Crypto crash: liquidations surge, BTC-led selloff hits BCH, LUNC, PI, WLFI
A crypto crash is underway on May 18 as Bitcoin leads a broad risk-off selloff. Bitcoin fell to about $76,500 (lowest in ~3 weeks). Bitcoin Cash (BCH) dropped about 7.3%, while Terra Luna Classic (LUNC), Pi Network (PI), and World Liberty Finance (WLFI) each fell more than 5%. Total crypto market cap slipped about 1.36% to ~$2.56T.
The key driver is a jump in liquidations. Liquidations rose 42% in 24 hours to ~$661M. Ethereum positions worth ~$257M were liquidated, and Bitcoin liquidations exceeded ~$182M. Other heavily hit names included SOL, XRP, and BCH. This forced selling can cascade as leveraged traders are forced out, typically overshooting during drawdowns.
Macroeconomic pressure is adding fuel: global bond yields are rising. In the US, the 30-year yield reached ~5.1% and 2-year/10-year were ~4.1%/4.6%. Markets also react to inflation data (CPI 3.8%, PPI 6.0%) and growing expectations of Fed rate hikes—an environment where crypto often underperforms.

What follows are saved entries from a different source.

lemma nn_integral_root_weight_le:
  assumes "1 < \<alpha>" "\<alpha> \<le> 2"
  shows "(\<integral>\<^sup>+z. root_weight z \<partial>segment_law \<alpha>) \<le> 16 * (\<Sum>k. real k powr (-3/2))"
proof -
  interpret T: prob_space "theta_measure \<alpha>"
    by (rule prob_space_theta_measure[OF assms])
  have "(\<integral>\<^sup>+z. root_weight z \<partial>segment_law \<alpha>)
      = (\<integral>\<^sup>+a. a powr (-3/4) \<partial>uniform_measure lborel {0..1::real})
        * (\<integral>\<^sup>+k. sqrt (real k) \<partial>theta_measure \<alpha>)"
    unfolding segment_law_def root_weight_def
    by (subst T.nn_integral_pair_measure_mult[symmetric]) (simp_all add: ennreal_mult)
  also have "\<dots> \<le> 4 * ennreal (4 * (\<Sum>k. real k powr (-3/2)))"
    unfolding nn_integral_uniform_powr
    by (intro mult_left_mono nn_integral_sqrt_theta_le[OF assms]) simp
  also have "\<dots> = ennreal (16 * (\<Sum>k. real k powr (-3/2)))"
    using ennreal_mult'[of 4 "4 * (\<Sum>k. real k powr (-3/2))"] by simp
  finally show ?thesis .
qed

lemma nn_integral_segment_powr:
  assumes "1 < \<alpha>" "\<alpha> \<le> 2"
  shows "(\<integral>\<^sup>+z. fst z powr (-3/4) \<partial>segment_law \<alpha>) = 4"
proof -
  interpret T: prob_space "theta_measure \<alpha>"
    by (rule prob_space_theta_measure[OF assms])
  have "(\<integral>\<^sup>+z. fst z powr (-3/4) \<partial>segment_law \<alpha>)
      = (\<integral>\<^sup>+a. a powr (-3/4) \<partial>uniform_measure lborel {0..1::real}) * (\<integral>\<^sup>+k. 1 \<partial>theta_measure \<alpha>)"
    unfolding segment_law_def
    by (subst T.nn_integral_pair_measure_mult[symmetric]) simp_all
  then show ?thesis
    using T.emeasure_space_1 nn_integral_uniform_powr by simp
qed

lemma nn_integral_conductance_le:
  assumes "1 < \<alpha>" "\<alpha> \<le> 2"
  shows "(\<integral>\<^sup>+\<omega>. conductance \<omega> \<partial>tree_space \<alpha>) \<le> 96 * (\<Sum>k. real k powr (-3/2))"
proof -
  interpret product_prob_space "\<lambda>_::nat list. segment_law \<alpha>" UNIV
    by (rule product_prob_space_segment_law[OF assms])
  let ?h = "\<lambda>z. ennreal (fst z powr (-3/4))"
  let ?W = "\<integral>\<^sup>+z. root_weight z \<partial>segment_law \<alpha>"
  have [measurable]: "?h \<in> borel_measurable (segment_law \<alpha>)"
    by measurable
  have root: "(\<integral>\<^sup>+\<omega>. root_weight (\<omega> []) \<partial>tree_space \<alpha>) = ?W"
    using nn_integral_PiM_prod[of "{[]}" "\<lambda>_. root_weight"] by (simp add: tree_space_eq_PiM)
  have child: "(\<integral>\<^sup>+\<omega>. child_weight i (\<omega> []) * ?h (\<omega> [i]) \<partial>tree_space \<alpha>)
      = (\<integral>\<^sup>+z. child_weight i z \<partial>segment_law \<alpha>) * 4" for i
    using nn_integral_PiM_prod[of "{[], [i]}" "\<lambda>u. if u = [] then child_weight i else ?h"]
      nn_integral_segment_powr[OF assms]
    by (simp add: tree_space_eq_PiM)
  have "(\<integral>\<^sup>+\<omega>. conductance \<omega> \<partial>tree_space \<alpha>)
      \<le> (\<integral>\<^sup>+\<omega>. 2 * root_weight (\<omega> []) + (\<Sum>i. child_weight i (\<omega> []) * ?h (\<omega> [i])) \<partial>tree_space \<alpha>)"
    using AE_tree_space_range[OF assms]
    by (intro nn_integral_mono_AE) (elim eventually_mono, rule ennreal_conductance_le)
  also have "\<dots> = 2 * (\<integral>\<^sup>+\<omega>. root_weight (\<omega> []) \<partial>tree_space \<alpha>)
      + (\<Sum>i. \<integral>\<^sup>+\<omega>. child_weight i (\<omega> []) * ?h (\<omega> [i]) \<partial>tree_space \<alpha>)"
    by (simp add: nn_integral_add nn_integral_cmult nn_integral_suminf)
  also have "\<dots> = 2 * ?W + (\<Sum>i. \<integral>\<^sup>+z. child_weight i z \<partial>segment_law \<alpha>) * 4"
    unfolding root child by (simp add: ennreal_suminf_multc)
  also have "\<dots> = 2 * ?W + 4 * ?W"
    by (simp add: nn_integral_suminf[symmetric] suminf_child_weight mult.commute)
  also have "\<dots> = 6 * ?W"
    by (simp flip: distrib_right)
  also have "\<dots> \<le> 6 * ennreal (16 * (\<Sum>k. real k powr (-3/2)))"
    by (intro mult_left_mono nn_integral_root_weight_le[OF assms]) simp
  also have "\<dots> = ennreal (96 * (\<Sum>k. real k powr (-3/2)))"
    using ennreal_mult'[of 6 "16 * (\<Sum>k. real k powr (-3/2))"] by simp
  finally show ?thesis .
qed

On top of price weakness, ETF flows point to weak marginal demand. Spot Bitcoin ETFs reportedly shed over $1B last week, while Ethereum ETFs saw outflows for six straight days, losing ~$255M last week (and ~$83M+ monthly). If a crypto crash continues, traders may expect further downside as sellers stay in control.

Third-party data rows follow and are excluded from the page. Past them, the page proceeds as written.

text \<open>
  Weak polymorphisms of a relation P are closed under minors and composition and contain
  the identity. Moreover f is a polymorphism of P as soon as all its minors of arity card P
  are: any L tuples of P take at most card P distinct values, so they factor through a minor.
  Conversely, let R witness finitizability and enumerate D^R as c. The single relation whose
  tuples are the truth tables (along c) of the R-ary members of F is preserved by F, since
  applying f to the tables of g_1, ..., g_L gives the table of f(g_1(x), ..., g_L(x)), a member
  by the clone and minor properties. Applying a polymorphism f to the tables of the
  projections gives the table of each R-ary minor of f, so these minors lie in F, and
  finitizability puts f in F.
\<close>

lemma finite_cube: "finite (cube n :: (nat \<Rightarrow> 'd::finite) set)"
  by (simp add: cube_def finite_PiE)

lemma restrict_in_cube [simp]: "(\<lambda>i\<in>{..<n}. h i) \<in> cube n"
  by (simp add: cube_def)

lemma restrict_cube: "x \<in> cube n \<Longrightarrow> (\<lambda>i\<in>{..<n}. x i) = x"
  unfolding cube_def by (metis PiE_restrict restrict_ext)

lemma is_func_minor [simp]: "is_func R (minor L f R \<pi>)"
  by (simp add: is_func_def minor_def)

lemma is_func_compose [simp]: "is_func (L1 * L2) (compose L1 f L2 g)"
  by (simp add: is_func_def compose_def)

lemma block_index_less: "j < (L1::nat) \<Longrightarrow> l < L2 \<Longrightarrow> j * L2 + l < L1 * L2"
proof -
  assume "j < L1" "l < L2"
  then have "j * L2 + l < Suc j * L2" by simp
  also have "\<dots> \<le> L1 * L2" using \<open>j < L1\<close> by (intro mult_right_mono) auto
  finally show ?thesis .
qed

lemma proj_closedD:
  "proj_closed F \<Longrightarrow> (L, f) \<in> F \<Longrightarrow> R \<ge> 1 \<Longrightarrow> \<pi> \<in> {..<L} \<rightarrow> {..<R} \<Longrightarrow> (R, minor L f R \<pi>) \<in> F"
  unfolding proj_closed_def by blast

lemma is_cloneD:
  "is_clone F \<Longrightarrow> (L1, f) \<in> F \<Longrightarrow> (\<And>j. j < L1 \<Longrightarrow> (L2, g j) \<in> F) \<Longrightarrow> (L1 * L2, compose L1 f L2 g) \<in> F"
  unfolding is_clone_def by blast

lemma minor_compose_mod:
  assumes "x \<in> cube R"
  shows "minor (L * R) (compose L f R G) R (\<lambda>m. m mod R) x = f (\<lambda>j\<in>{..<L}. G j x)"
proof -
  have "(\<lambda>l\<in>{..<R}. (\<lambda>m\<in>{..<L * R}. x (m mod R)) (j * R + l)) = x" if "j < L" for j
  proof -
    have "(\<lambda>l\<in>{..<R}. (\<lambda>m\<in>{..<L * R}. x (m mod R)) (j * R + l)) = (\<lambda>l\<in>{..<R}. x l)"
      using block_index_less[OF that] by (intro restrict_ext) auto
    then show ?thesis using restrict_cube[OF assms] by simp
  qed
  then show ?thesis
    using assms by (simp add: minor_def compose_def cong: restrict_cong)
qed

definition colwise :: "nat \<Rightarrow> nat \<Rightarrow> ((nat \<Rightarrow> 'd) \<Rightarrow> 'd) \<Rightarrow> (nat \<Rightarrow> nat \<Rightarrow> 'd) \<Rightarrow> nat \<Rightarrow> 'd" where
  "colwise k L f xs = (\<lambda>i\<in>{..<k}. f (\<lambda>l\<in>{..<L}. xs l i))"

lemma weak_poly_colwise: "weak_poly k P Q L f \<longleftrightarrow> (\<forall>xs \<in> {..<L} \<rightarrow> P. colwise k L f xs \<in> Q)"
  by (simp add: weak_poly_def colwise_def)

lemma colwise_cong: "(\<And>l. l < L \<Longrightarrow> xs l = ys l) \<Longrightarrow> colwise k L f xs = colwise k L f ys"
  unfolding colwise_def by (metis lessThan_iff restrict_ext)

Next catalysts mentioned: Donald Trump’s stance on Iran and the upcoming FOMC minutes.
Bearish
Bearish. The article links the crypto crash to a classic deleveraging loop: rising liquidations force sell pressure, which can overshoot and keep liquidity thin. It also adds a second headwind—higher bond yields and rate-hike expectations—often correlated with weaker crypto beta during risk-off regimes. Finally, ETF outflows (BTC and ETH) signal declining marginal demand rather than a simple one-day dip.

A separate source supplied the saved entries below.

definition val_graph :: "('a \<Rightarrow> nat) \<Rightarrow> 'a set \<Rightarrow> 'a set \<times> ('a \<times> 'a) set \<Rightarrow> nat" where
  "val_graph f B D = Min {val_set f B X | X. is_base D X}"

definition val :: "('a \<Rightarrow> nat) \<Rightarrow> ('a, 'c, 'r, 'o) struc \<Rightarrow> ('c, 'r) reach list \<Rightarrow> nat \<Rightarrow> nat" where
  "val f M RE l = val_graph f (cint M (reachB RE l)) (Dgraph M RE l)"

definition swap_op :: "('a, 'c, 'r, 'o) struc \<Rightarrow> 'a \<times> 'a \<times> 'r \<Rightarrow> ('a, 'c, 'r, 'o) struc" where
  "swap_op M t = (case t of (a0, a1, r) \<Rightarrow>
     M\<lparr> rint := (rint M)(r :=
        (rint M r - {(a, b). (a, b) \<in> rint M r \<and> (a = a0 \<or> a = a1)})
        \<union> {(a1, b) | b. (a0, b) \<in> rint M r} \<union> {(a0, b) | b. (a1, b) \<in> rint M r}) \<rparr>)"

end

theory Submission
  imports Defs "HOL-Combinatorics.Transposition"
begin

text \<open>Let \<open>X\<close> be a base of \<open>D_h'\<close> of minimal value and \<open>y \<in> X\<close> a vertex outside \<open>B_h'\<close>,
which exists as the value is positive. By minimality no vertex of smaller label and no other
vertex of \<open>X \<union> B_h'\<close> reaches \<open>y\<close>, so by semi-connectedness \<open>y\<close> lies on a cycle
\<open>y \<rightarrow> z \<rightarrow>* y\<close>, say with \<open>(y, z)\<close> an \<open>r\<close>-edge. Usefulness gives a vertex \<open>t\<close> with the label of \<open>y\<close>
(hence with the type of \<open>y\<close>) and an edge \<open>w \<rightarrow> t\<close> with \<open>f w < f t\<close>; in particular \<open>t\<close> does not reach
\<open>y\<close>. Exchanging the outgoing \<open>r\<close>-edges of \<open>y\<close> and \<open>t\<close> preserves all concept extensions, and by
compatibility it changes no graph \<open>D_l\<close> with \<open>l \<noteq> h'\<close>. In the new \<open>D_h'\<close> there is a path
\<open>w \<rightarrow> t \<rightarrow> z \<rightarrow>* y\<close>, so \<open>w\<close> can replace \<open>y\<close> in \<open>X\<close>, which lowers the value. Every old edge survives
with its source possibly moved between \<open>y\<close> and \<open>t\<close>, which preserves semi-connectedness and
usefulness.\<close>

section \<open>Swapping the outgoing edges of two elements preserves types\<close>

lemma swap_op_simps [simp]:
  "univ (swap_op M (a0, a1, r)) = univ M"
  "cint (swap_op M (a0, a1, r)) = cint M"
  "oint (swap_op M (a0, a1, r)) = oint M"
  by (simp_all add: swap_op_def)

In the short term, traders typically stay defensive while liquidation pressure is active; bounces are more likely to fail until liquidation counts cool and yields stabilize. In the medium term, if ETF flows continue negative and real-yield/Fed expectations remain hawkish, the market may remain range-bound to downward, with high-volatility rallies sold. Historically, similar “cascade” events (forced liquidations paired with tightening macro signals) have tended to produce sharp downside before any durable recovery—though mean-reversion bounces can occur once sellers exhaust.